◆ **Aim of the exercise**:
Look through the material below and report every line that includes "lemma".

*** Records for this exercise

lemma self_in_ancestors: "x \<in> tset T \<Longrightarrow> x \<in> ancestors T x"
proof (induction T)
  case (Node r ts)
  show ?case
  proof (cases "x = r")
    case True then show ?thesis by (simp add: ancestors.simps)
  next
    case False
    then obtain t where "t \<in> set ts" "x \<in> tset t" using Node.prems by auto
    then have "x \<in> ancestors t x" using Node.IH by blast
    then show ?thesis using \<open>t \<in> set ts\<close> Node.prems by (auto simp: ancestors.simps)
  qed
qed

lemma search_tree_NodeD:
  assumes "search_tree E S (Node r ts)"
  shows "r \<in> S" "distinct (map tset ts)" "set (map tset ts) = comps E (S - {r})"
    "\<And>t. t \<in> set ts \<Longrightarrow> search_tree E (tset t) t"
  using assms by (cases rule: search_tree.cases; simp)+

context sym_graph
begin

lemma search_tree_induct[consumes 1, case_names node]:
  assumes "search_tree E S T"
    "\<And>r S ts. r \<in> S \<Longrightarrow> distinct (map tset ts) \<Longrightarrow> set (map tset ts) = comps E (S - {r}) \<Longrightarrow>
      (\<And>t. t \<in> set ts \<Longrightarrow> search_tree E (tset t) t) \<Longrightarrow> (\<And>t. t \<in> set ts \<Longrightarrow> P (tset t) t) \<Longrightarrow>
      P S (Node r ts)"
  shows "P S T"
  using assms(1)
proof (induction T arbitrary: S rule: rtree.induct)
  case (Node r ts)
  show ?case
  proof (rule assms(2))
    show "r \<in> S" "distinct (map tset ts)" "set (map tset ts) = comps E (S - {r})"
      using search_tree_NodeD[OF Node.prems] by auto
    show "\<And>t. t \<in> set ts \<Longrightarrow> search_tree E (tset t) t" using search_tree_NodeD(4)[OF Node.prems] .
    then show "\<And>t. t \<in> set ts \<Longrightarrow> P (tset t) t" using Node.IH by blast
  qed
qed

lemma search_tree_tset: "search_tree E S T \<Longrightarrow> tset T = S"
proof (induction rule: search_tree_induct)
  case (node r S ts)
  have "\<Union> (set (map tset ts)) = S - {r}" using node(3) Union_comps[of "S - {r}"] by simp
  then show ?case using node(1,5) by auto
qed

lemma search_tree_child:
  assumes "search_tree E S (Node r ts)" "t \<in> set ts"
  shows "tset t \<in> comps E (S - {r})" "tset t \<subseteq> S - {r}"
proof -
  show "tset t \<in> comps E (S - {r})" using search_tree_NodeD(3)[OF assms(1)] assms(2) by auto
  then show "tset t \<subseteq> S - {r}" using comps_subset by blast
qed

lemma search_tree_children_disjoint:
  assumes "search_tree E S (Node r ts)" "t1 \<in> set ts" "t2 \<in> set ts" "t1 \<noteq> t2"
  shows "tset t1 \<inter> tset t2 = {}"
proof -
  have "inj_on tset (set ts)" using search_tree_NodeD(2)[OF assms(1)] by (simp add: distinct_map)
  then have "tset t1 \<noteq> tset t2" using assms(2-4) by (meson inj_on_def)
  then show ?thesis
    using comps_disjoint[OF search_tree_child(1)[OF assms(1,2)] search_tree_child(1)[OF assms(1,3)]]
    by blast
qed

lemma ancestors_child:
  assumes "search_tree E S (Node r ts)" "t \<in> set ts" "x \<in> tset t"
  shows "ancestors (Node r ts) x = insert r (ancestors t x)"
proof -
  have o: "ancestors t' x = {}" if "t' \<in> set ts" "t' \<noteq> t" for t'
    using search_tree_children_disjoint[OF assms(1) that(1) assms(2) that(2)] assms(3)
      ancestors_notin[of x t'] by blast
  have "\<Union> (set (map (\<lambda>t. ancestors t x) ts)) = ancestors t x"
    using o assms(2) by auto
  then show ?thesis using assms(2,3) by (auto simp: ancestors.simps)
qed

lemma ancestors_root:
  assumes "search_tree E S (Node r ts)"
  shows "ancestors (Node r ts) r = {r}"
proof -
  have "ancestors t r = {}" if "t \<in> set ts" for t
    using search_tree_child(2)[OF assms that] ancestors_notin[of r t] by blast
  then show ?thesis by (auto simp: ancestors.simps)
qed

lemma card_ancestors_child:
  assumes "search_tree E S (Node r ts)" "t \<in> set ts" "x \<in> tset t"
  shows "card (ancestors (Node r ts) x) = Suc (card (ancestors t x))"
proof -
  have "r \<notin> ancestors t x"
    using ancestors_subset[of t x] search_tree_child(2)[OF assms(1,2)] by blast
  then show ?thesis
    using ancestors_child[OF assms] by (simp add: card_insert_disjoint finite_ancestors)
qed

lemma search_tree_distinct_children: "search_tree E S (Node r ts) \<Longrightarrow> distinct ts"
proof -
  assume "search_tree E S (Node r ts)"
  from search_tree_NodeD(2)[OF this] show ?thesis by (simp add: distinct_map)
qed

******

◆ **Solution for this task**:
lemma self_in_ancestors: "x \<in> tset T \<Longrightarrow> x \<in> ancestors T x"
lemma search_tree_NodeD:
lemma search_tree_induct[consumes 1, case_names node]:
lemma search_tree_tset: "search_tree E S T \<Longrightarrow> tset T = S"
lemma search_tree_child:
lemma search_tree_children_disjoint:
lemma ancestors_child:
lemma ancestors_root:
lemma card_ancestors_child:
lemma search_tree_distinct_children: "search_tree E S (Node r ts) \<Longrightarrow> distinct ts"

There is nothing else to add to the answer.